Apple Tech Talk Scorecard
|Easy Set-up||CD Documentation is confusing|
|Rich Feature Set||Slower speed test results than competing routers.|
Linksys Max-Stream AC1900 Router – Unboxing
The Linksys Max-Stream AC1900 Router is a simultaneous dual-band Gigabit router providing 600Mbps (N) + 1,300 Mbps (AC), for a total of 1,900 Mbps, hence the name AC1900.
In the box is the Linksys Max-Stream AC1900 Router, a power supply, an Ethernet cable, three external antennas, a Quick Start Guide and a CD containing documentation. We should mention that the manual on the CD is over 700 pages and in just about every language you can imagine. There is actually only about 20 pages of information which is repeated over and over and we never did find the English version. The on-line version at the Linksys web site was the same. While it might make sense to have a combined document on the web, we think each language version should be a separate file on the CD to make it more useful.
Measuring 10.12 x 7.24 x 2.2 inches and weighing 20.74 oz., this router is not as large as some of the units we previously looked at (check out our reviews here), but still needs a fair amount of space on your shelf. There are also two slots on the bottom to allow for wall mounting. The case is covered in holes and slots to provide ample ventilation for the unit but they actually compliment the overall design nicely.
The router supports all of the common 802.11 network standards including a/b/g/n and the current ac, on both the 2.4 and 5 GHz bands simultaneously. Linksys recommends this router for a medium sized household for up to 12 devices.
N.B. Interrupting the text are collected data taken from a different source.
lemma grid_sum_eq:
  assumes "q > 0"
  shows "grid_sum q = (1 / 2) / (1 - 2 powr (- 1 / q))"
proof -
  define x where "x = 2 powr (- 1 / real q)"
  have powers: "2 powr (- (r / q)) = x ^ r" for r :: nat
    by (simp add: x_def powr_powr flip: powr_realpow)
  have "x < 1"
    using assms by (simp add: x_def powr_less_one)
  moreover have "x ^ q = 1 / 2"
    using powers[of q] assms by (simp add: powr_minus)
  ultimately have "grid_sum q = (1 - 1 / 2) / (1 - x)"
    by (simp only: grid_sum_def powers sum_gp_strict) simp
  then show ?thesis
    by (simp add: x_def)
qed

lemma grid_sum_average_tendsto: "(\<lambda>q. grid_sum q / q) \<longlonglongrightarrow> 1 / (2 * ln 2)"
proof -
  have "(\<lambda>q::nat. (1 / 2) / (q * (1 - 2 powr (- 1 / q)))) \<longlonglongrightarrow> inverse (ln 2) / 2"
    by real_asymp
  moreover have "eventually (\<lambda>q. grid_sum q / q = (1 / 2) / (q * (1 - 2 powr (- 1 / q)))) sequentially"
    using eventually_gt_at_top[of 0] by eventually_elim (simp add: grid_sum_eq)
  ultimately show ?thesis
    by (simp add: tendsto_cong field_simps)
qed

text \<open>The q points \<open>a + k \<theta>\<close>, \<open>k < q\<close>, lie modulo 1 near the grid points \<open>b + r / q\<close>, one
  per \<open>r\<close>, where \<open>b\<close> is the fractional part of \<open>q a\<close> divided by \<open>q\<close>; only the two extreme
  cells can wrap around.\<close>

lemma sum_decay_frac_block:
  fixes \<theta> a :: real and p :: int and q :: nat
  assumes coprime: "coprime p (int q)" and "q > 0" and approx: "\<bar>q * \<theta> - of_int p\<bar> < 1 / q"
  shows "\<bar>(\<Sum>k<q. decay_frac (a + real k * \<theta>)) - grid_sum q\<bar> \<le> 4"
proof -
  define n where "n = \<lfloor>q * a\<rfloor>"
  define b where "b = frac (q * a) / q"
  define \<delta> where "\<delta> = q * \<theta> - of_int p"
  define g where "g k = nat ((n + int k * p) mod int q)" for k
  define E where "E r = 1 / q + (if r = 0 then 1 else 0) + (if r = q - 1 then 1 else (0::real))"
    for r :: nat
  have b: "0 \<le> b" "b < 1 / q"
    using \<open>q > 0\<close> frac_lt_1[of "q * a"] by (simp_all add: b_def divide_strict_right_mono)
  have reindex: "(\<Sum>k<q. f (g k)) = (\<Sum>r<q. f r)" for f :: "nat \<Rightarrow> real"
    using sum.reindex_bij_betw[OF bij_betw_mod_affine[OF coprime, of n]] by (simp add: g_def)
  have g_less: "g k < q" for k
    using \<open>q > 0\<close> by (simp add: g_def nat_less_iff)
  have shift: "a + k * \<theta> = of_int ((n + int k * p) div int q) + (b + g k / q + k * \<delta> / q)" for k
  proof -
    define d where "d = (n + int k * p) div int q"
    have "n + int k * p = int q * d + int (g k)"
      using \<open>q > 0\<close> by (simp add: g_def d_def)
    then have nkp: "of_int n + k * of_int p = q * of_int d + real (g k)"
      by (metis of_int_add of_int_mult of_int_of_nat_eq)
    have a_eq: "a = (of_int n + q * b) / q" and \<theta>_eq: "\<theta> = (of_int p + \<delta>) / q"
      using \<open>q > 0\<close> by (simp_all add: n_def b_def \<delta>_def frac_def)
    have "a + k * \<theta> = (of_int n + k * of_int p) / q + b + k * \<delta> / q"
      unfolding a_eq \<theta>_eq using \<open>q > 0\<close> by (simp add: field_simps)
    also have "\<dots> = of_int d + (b + g k / q + k * \<delta> / q)"
      unfolding nkp using \<open>q > 0\<close> by (simp add: field_simps)
    finally show ?thesis
      by (simp add: d_def)
  qed
  have drift: "\<bar>k * \<delta> / q\<bar> < 1 / q" if "k < q" for k
  proof -
    have "\<bar>k * \<delta> / q\<bar> = k / q * \<bar>\<delta>\<bar>"
      by (simp add: abs_mult)
    also have "\<dots> \<le> 1 * \<bar>\<delta>\<bar>"
      using that by (intro mult_right_mono) auto
    finally have "\<bar>k * \<delta> / q\<bar> \<le> \<bar>\<delta>\<bar>"
      by simp
    with approx show ?thesis
      by (simp add: \<delta>_def)
  qed
  have pointwise: "\<bar>decay_frac (a + real k * \<theta>) - 2 powr (- (b + g k / q))\<bar> \<le> E (g k)"
    if "k < q" for k
  proof -
    have "decay_frac (a + real k * \<theta>) = decay_frac (b + g k / q + k * \<delta> / q)"
      unfolding shift by (metis decay_frac_add_of_int add.commute)
    then show ?thesis
      using decay_frac_near_grid_point[of "g k" q b "k * \<delta> / q"] b g_less drift that
      by (simp add: E_def)
  qed
  have "\<bar>(\<Sum>k<q. decay_frac (a + real k * \<theta>)) - (\<Sum>k<q. 2 powr (- (b + g k / q)))\<bar>
          = \<bar>\<Sum>k<q. decay_frac (a + real k * \<theta>) - 2 powr (- (b + g k / q))\<bar>"
    by (simp add: sum_subtractf)
  also have "\<dots> \<le> (\<Sum>k<q. E (g k))"
    by (rule order_trans[OF sum_abs sum_mono], rule pointwise) simp
  also have "\<dots> = (\<Sum>r<q. E r)"
    by (rule reindex)
  also have "\<dots> = 3"
    using \<open>q > 0\<close> by (simp add: E_def sum.distrib)
  finally have
    "\<bar>(\<Sum>k<q. decay_frac (a + real k * \<theta>)) - (\<Sum>k<q. 2 powr (- (b + g k / q)))\<bar> \<le> 3" .
  moreover have "(\<Sum>k<q. 2 powr (- (b + g k / q))) = (\<Sum>r<q. 2 powr (- (b + real r / q)))"
    by (rule reindex)
  moreover have "(\<Sum>r<q. 2 powr (- (b + real r / q))) = 2 powr (- b) * grid_sum q"
    by (simp add: grid_sum_def sum_distrib_left flip: powr_add)
  ultimately have grid:
    "\<bar>(\<Sum>k<q. decay_frac (a + real k * \<theta>)) - 2 powr (- b) * grid_sum q\<bar> \<le> 3"
    by simp
  have "\<bar>2 powr (- b) - 1\<bar> \<le> 1 / q"
    using two_powr_neg_dist_le[of b 0] b by simp
  then have "\<bar>(2 powr (- b) - 1) * grid_sum q\<bar> \<le> 1 / q * q"
    unfolding abs_mult using grid_sum_nonneg grid_sum_le by (intro mult_mono) auto
  with grid \<open>q > 0\<close> show ?thesis
    by (simp add: algebra_simps)
qed

lemma decay_frac_block_average:
  fixes \<theta> \<epsilon> :: real
  assumes "\<theta> \<notin> \<rat>" "\<epsilon> > 0"
  shows "\<exists>q>0. \<forall>a. \<bar>(\<Sum>k<q. decay_frac (a + real k * \<theta>)) - q / (2 * ln 2)\<bar> \<le> q * \<epsilon>"
proof -
  have "eventually (\<lambda>q. \<bar>grid_sum q / q - 1 / (2 * ln 2)\<bar> < \<epsilon> / 2) sequentially"
    using tendstoD[OF grid_sum_average_tendsto, of "\<epsilon> / 2"] assms(2) by (simp add: dist_real_def)
  moreover have "eventually (\<lambda>q. \<bar>4 / real q\<bar> < \<epsilon> / 2) sequentially"
    using tendstoD[OF lim_const_over_n[where 'a=real, of 4], of "\<epsilon> / 2"] assms(2) by simp
  moreover note eventually_gt_at_top[of 0]
  ultimately have "eventually (\<lambda>q.
      \<bar>grid_sum q / q - 1 / (2 * ln 2)\<bar> < \<epsilon> / 2 \<and> 4 / q < \<epsilon> / 2 \<and> q > 0) sequentially"
    by eventually_elim auto
  then obtain Q where Q: "\<And>q. q \<ge> Q \<Longrightarrow>
      \<bar>grid_sum q / q - 1 / (2 * ln 2)\<bar> < \<epsilon> / 2 \<and> 4 / q < \<epsilon> / 2 \<and> q > 0"
    by (auto simp: eventually_sequentially)
  have "infinite (approx_set \<theta>)"
    using assms(1) rational_iff_finite_approx_set by blast
  then obtain p k where pk: "(p, k) \<in> approx_set \<theta>" "k > int Q"
    using infinite_approx_set by blast
  define q where "q = nat k"
  with pk have q_Q: "q \<ge> Q" and k_q: "k = int q"
    by auto
  with Q have riemann: "\<bar>grid_sum q / q - 1 / (2 * ln 2)\<bar> < \<epsilon> / 2"
    and "4 / q < \<epsilon> / 2" and "q > 0"
    by auto
  have "coprime p (int q)" "\<bar>\<theta> - of_int p / q\<bar> < 1 / q\<^sup>2"
    using pk(1) unfolding approx_set_def k_q by auto
  moreover have "\<bar>q * \<theta> - of_int p\<bar> = q * \<bar>\<theta> - of_int p / q\<bar>"
    using \<open>q > 0\<close> by (simp add: abs_mult[symmetric] field_simps)
  ultimately have "\<bar>q * \<theta> - of_int p\<bar> < 1 / q"
    using \<open>q > 0\<close> by (simp add: power2_eq_square field_simps)
  have "\<bar>(\<Sum>k<q. decay_frac (a + real k * \<theta>)) - q / (2 * ln 2)\<bar> \<le> q * \<epsilon>" for a
  proof -
    have "\<bar>grid_sum q - q / (2 * ln 2)\<bar> = q * \<bar>grid_sum q / q - 1 / (2 * ln 2)\<bar>"
      using \<open>q > 0\<close> by (simp add: abs_mult[symmetric] field_simps)
    also have "\<dots> \<le> q * (\<epsilon> / 2)"
      using riemann by (intro mult_left_mono) auto
    finally have "\<bar>grid_sum q - q / (2 * ln 2)\<bar> \<le> q * (\<epsilon> / 2)" .
    moreover have "4 \<le> q * (\<epsilon> / 2)"
      using \<open>4 / q < \<epsilon> / 2\<close> \<open>q > 0\<close> by (simp add: field_simps)
    ultimately show ?thesis
      using sum_decay_frac_block[OF \<open>coprime p (int q)\<close> \<open>q > 0\<close> \<open>\<bar>q * \<theta> - of_int p\<bar> < 1 / q\<close>, of a]
      unfolding abs_le_iff by linarith
  qed
  with \<open>q > 0\<close> show ?thesis
    by blast
qed

lemma sum_lessThan_add:
  fixes f :: "nat \<Rightarrow> 'a::comm_monoid_add"
  shows "(\<Sum>k<m + n. f k) = (\<Sum>k<m. f k) + (\<Sum>k<n. f (m + k))"
  by (induction n) (simp_all add: add_ac)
The rear panel of the Linksys Max-Stream AC1900 Router has all of the ports and connections you would expect, including one Gigabit WAN port, four Gigabit LAN ports, one USB 3.0 port for an external hard drive, one USB 2.0 port for a shared printer, a WPS button, a recessed Reset button, a power connection port and a toggle switch to turn power on and off. There are also connections for the three included external antennas.
The Linksys Max-Stream AC1900 Router is powered by a 1.4 GHz dual-core processor and supports up to 128-bit encryption. As expected, it supports 64/128-bit WEP, WPA2-Personal and WPA2-Enterprise security. The router can operate as a Wireless Router, an Access Point, a Wired Bridge or a Wireless Bridge.
It supports attached storage in the FAT, NTFS and HFS+ file formats and is certified for Mac OS X 10.X or higher and requires Safari 5 or higher, Firefox 8 or higher or Google Chrome.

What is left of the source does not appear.